[Stored data]
::::
(* Let ${\cal Q}$ be a collection of partial partitions of a set $X$. Then there is a one-to-one correspondence between the minimal restricted chordal completions of ${\rm int}({\cal Q})$ and the minimal chordal sandwiches of $({\rm int^*}({\cal Q}),{\rm forb}({\cal Q}))$.
   Context: A partial partition of $X$ is a partition $A_1|\ldots|A_t$ ($t\geq 2$) of a non-empty subset of $X$; the $A_i$ are its cells. The partial partition intersection graph ${\rm int}({\cal Q})$ has vertex set $\{(A,\pi): A \text{ is a cell of } \pi\in{\cal Q}\}$, with $(A,\pi)$ and $(A',\pi')$ adjacent iff $A\cap A'\neq\emptyset$. A graph is chordal if it has no induced cycle of length at least four; a chordal completion of $G=(V,E)$ is a chordal graph $(V,E')$ with $E\subseteq E'$. A restricted chordal completion of ${\rm int}({\cal Q})$ is a chordal completion $G'$ of ${\rm int}({\cal Q})$ such that whenever $A_1,A_2$ are distinct cells of the same $\pi\in{\cal Q}$, $(A_1,\pi)$ and $(A_2,\pi)$ are not adjacent in $G'$; it is minimal if no proper subgraph of $G'$ is a restricted chordal completion of ${\rm int}({\cal Q})$. The cell intersection graph ${\rm int^*}({\cal Q})$ has vertex set $\{A: A \text{ is a cell of some } \pi\in{\cal Q}\}$, with $A,A'$ adjacent iff $A\cap A'\neq\emptyset$. The graph ${\rm forb}({\cal Q})$ has the same vertex set, with $A,A'$ adjacent iff $A,A'$ are (distinct) cells of some common $\pi\in{\cal Q}$. For graphs $G_1=(V,E_1)$, $G_2=(V,E_2)$ with $E_1\cap E_2=\emptyset$, a chordal sandwich of $(G_1,G_2)$ is a chordal graph $(V,E')$ with $E_1\subseteq E'$ and $E'\cap E_2=\emptyset$; it is minimal if no proper subgraph of it is a chordal sandwich of $(G_1,G_2)$. *)

theory Defs
  imports Main
begin

definition is_graph :: "'v set \<Rightarrow> 'v set set \<Rightarrow> bool" where
  "is_graph V E \<longleftrightarrow> (\<forall>e\<in>E. \<exists>u v. u \<noteq> v \<and> u \<in> V \<and> v \<in> V \<and> e = {u, v})"

definition induced_cycle :: "'v set \<Rightarrow> 'v set set \<Rightarrow> 'v list \<Rightarrow> bool" where
  "induced_cycle V E cs \<longleftrightarrow>
     (let k = length cs in
       k \<ge> 4 \<and> distinct cs \<and> set cs \<subseteq> V \<and>
       (\<forall>i<k. {cs ! i, cs ! ((i + 1) mod k)} \<in> E) \<and>
       (\<forall>i<k. \<forall>j<k. i \<noteq> j \<and> j \<noteq> (i + 1) mod k \<and> i \<noteq> (j + 1) mod k
           \<longrightarrow> {cs ! i, cs ! j} \<notin> E))"

definition chordal :: "'v set \<Rightarrow> 'v set set \<Rightarrow> bool" where
  "chordal V E \<longleftrightarrow> is_graph V E \<and> \<not> (\<exists>cs. induced_cycle V E cs)"

definition chordal_completion :: "'v set \<Rightarrow> 'v set set \<Rightarrow> 'v set set \<Rightarrow> bool" where
  "chordal_completion V E E' \<longleftrightarrow> chordal V E' \<and> E \<subseteq> E'"

definition chordal_sandwich :: "'v set \<Rightarrow> 'v set set \<Rightarrow> 'v set set \<Rightarrow> 'v set set \<Rightarrow> bool" where
  "chordal_sandwich V E1 E2 E' \<longleftrightarrow> chordal V E' \<and> E1 \<subseteq> E' \<and> E' \<inter> E2 = {}"

definition minimal_chordal_sandwich :: "'v set \<Rightarrow> 'v set set \<Rightarrow> 'v set set \<Rightarrow> 'v set set \<Rightarrow> bool" where
  "minimal_chordal_sandwich V E1 E2 E' \<longleftrightarrow> chordal_sandwich V E1 E2 E' \<and>
     (\<forall>E''. E'' \<subset> E' \<longrightarrow> \<not> chordal_sandwich V E1 E2 E'')"

definition partial_partition :: "'a set \<Rightarrow> 'a set set \<Rightarrow> bool" where
  "partial_partition X \<pi> \<longleftrightarrow>
     (\<forall>A\<in>\<pi>. A \<noteq> {} \<and> A \<subseteq> X) \<and>
     (\<forall>A\<in>\<pi>. \<forall>B\<in>\<pi>. A \<noteq> B \<longrightarrow> A \<inter> B = {}) \<and>
     (\<exists>A\<in>\<pi>. \<exists>B\<in>\<pi>. A \<noteq> B)"

definition int_vertices :: "'a set set set \<Rightarrow> ('a set \<times> 'a set set) set" where
  "int_vertices Q = {(A, \<pi>). \<pi> \<in> Q \<and> A \<in> \<pi>}"

definition int_edges :: "'a set set set \<Rightarrow> ('a set \<times> 'a set set) set set" where
  "int_edges Q = {{v, w} | v w. v \<in> int_vertices Q \<and> w \<in> int_vertices Q \<and> v \<noteq> w
                              \<and> fst v \<inter> fst w \<noteq> {}}"

definition restricted_chordal_completion ::
    "'a set set set \<Rightarrow> ('a set \<times> 'a set set) set set \<Rightarrow> bool" where
  "restricted_chordal_completion Q E' \<longleftrightarrow>
     chordal_completion (int_vertices Q) (int_edges Q) E' \<and>
     (\<forall>\<pi>\<in>Q. \<forall>A1\<in>\<pi>. \<forall>A2\<in>\<pi>. A1 \<noteq> A2 \<longrightarrow> {(A1, \<pi>), (A2, \<pi>)} \<notin> E')"

definition minimal_restricted_chordal_completion ::
    "'a set set set \<Rightarrow> ('a set \<times> 'a set set) set set \<Rightarrow> bool" where
  "minimal_restricted_chordal_completion Q E' \<longleftrightarrow> restricted_chordal_completion Q E' \<and>
     (\<forall>E''. E'' \<subset> E' \<longrightarrow> \<not> restricted_chordal_completion Q E'')"

definition cells :: "'a set set set \<Rightarrow> 'a set set" where
  "cells Q = \<Union>Q"

definition int_star_edges :: "'a set set set \<Rightarrow> 'a set set set" where
  "int_star_edges Q = {{A, B} | A B. A \<in> cells Q \<and> B \<in> cells Q \<and> A \<noteq> B \<and> A \<inter> B \<noteq> {}}"

definition forb_edges :: "'a set set set \<Rightarrow> 'a set set set" where
  "forb_edges Q = {{A, B} | A B. A \<noteq> B \<and> (\<exists>\<pi>\<in>Q. A \<in> \<pi> \<and> B \<in> \<pi>)}"

end

theory Submission
  imports Defs
begin

text \<open>A graph \<open>F\<close> on the cells lifts to the graph on the vertices \<open>(A, \<pi>)\<close> of \<open>int(Q)\<close> in which
  two vertices are adjacent iff their cells are equal or adjacent in \<open>F\<close>; conversely a graph
  \<open>H\<close> on these vertices projects to the graph in which two cells are adjacent iff all their
  copies are adjacent in \<open>H\<close>. Lifting preserves chordality because the copies of a cell are true
  twins, and projecting preserves chordality because contracting disjoint vertex sets, with
  complete joins as the new adjacency, creates no induced cycle: split one set at a time and use
  that a vertex adjacent to both ends of an induced path in a chordal graph is adjacent to all of
  it. Hence the lift maps chordal sandwiches to restricted chordal completions, the projection
  maps back below, and the lift is an order embedding, so it restricts to a bijection between
  the minimal objects.\<close>

lemma induced_cycle_iff:
  "induced_cycle V E cs \<longleftrightarrow>
     length cs \<ge> 4 \<and> distinct cs \<and> set cs \<subseteq> V \<and>
     (\<forall>i<length cs. {cs ! i, cs ! (Suc i mod length cs)} \<in> E) \<and>
     (\<forall>i<length cs. \<forall>j<length cs. i \<noteq> j \<and> j \<noteq> Suc i mod length cs \<and> i \<noteq> Suc j mod length cs
        \<longrightarrow> {cs ! i, cs ! j} \<notin> E)"
  unfolding induced_cycle_def Let_def by simp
::::
# Exercise details
Write down exactly the span of lines above from the one containing "X \<pi> \<longleftrightarrow>" to the one containing "E' \<longrightarrow> \<not> restricted_chordal_completion", both ends included.

# Written reply
  "partial_partition X \<pi> \<longleftrightarrow>
     (\<forall>A\<in>\<pi>. A \<noteq> {} \<and> A \<subseteq> X) \<and>
     (\<forall>A\<in>\<pi>. \<forall>B\<in>\<pi>. A \<noteq> B \<longrightarrow> A \<inter> B = {}) \<and>
     (\<exists>A\<in>\<pi>. \<exists>B\<in>\<pi>. A \<noteq> B)"

definition int_vertices :: "'a set set set \<Rightarrow> ('a set \<times> 'a set set) set" where
  "int_vertices Q = {(A, \<pi>). \<pi> \<in> Q \<and> A \<in> \<pi>}"

definition int_edges :: "'a set set set \<Rightarrow> ('a set \<times> 'a set set) set set" where
  "int_edges Q = {{v, w} | v w. v \<in> int_vertices Q \<and> w \<in> int_vertices Q \<and> v \<noteq> w
                              \<and> fst v \<inter> fst w \<noteq> {}}"

definition restricted_chordal_completion ::
    "'a set set set \<Rightarrow> ('a set \<times> 'a set set) set set \<Rightarrow> bool" where
  "restricted_chordal_completion Q E' \<longleftrightarrow>
     chordal_completion (int_vertices Q) (int_edges Q) E' \<and>
     (\<forall>\<pi>\<in>Q. \<forall>A1\<in>\<pi>. \<forall>A2\<in>\<pi>. A1 \<noteq> A2 \<longrightarrow> {(A1, \<pi>), (A2, \<pi>)} \<notin> E')"

definition minimal_restricted_chordal_completion ::
    "'a set set set \<Rightarrow> ('a set \<times> 'a set set) set set \<Rightarrow> bool" where
  "minimal_restricted_chordal_completion Q E' \<longleftrightarrow> restricted_chordal_completion Q E' \<and>
     (\<forall>E''. E'' \<subset> E' \<longrightarrow> \<not> restricted_chordal_completion Q E'')"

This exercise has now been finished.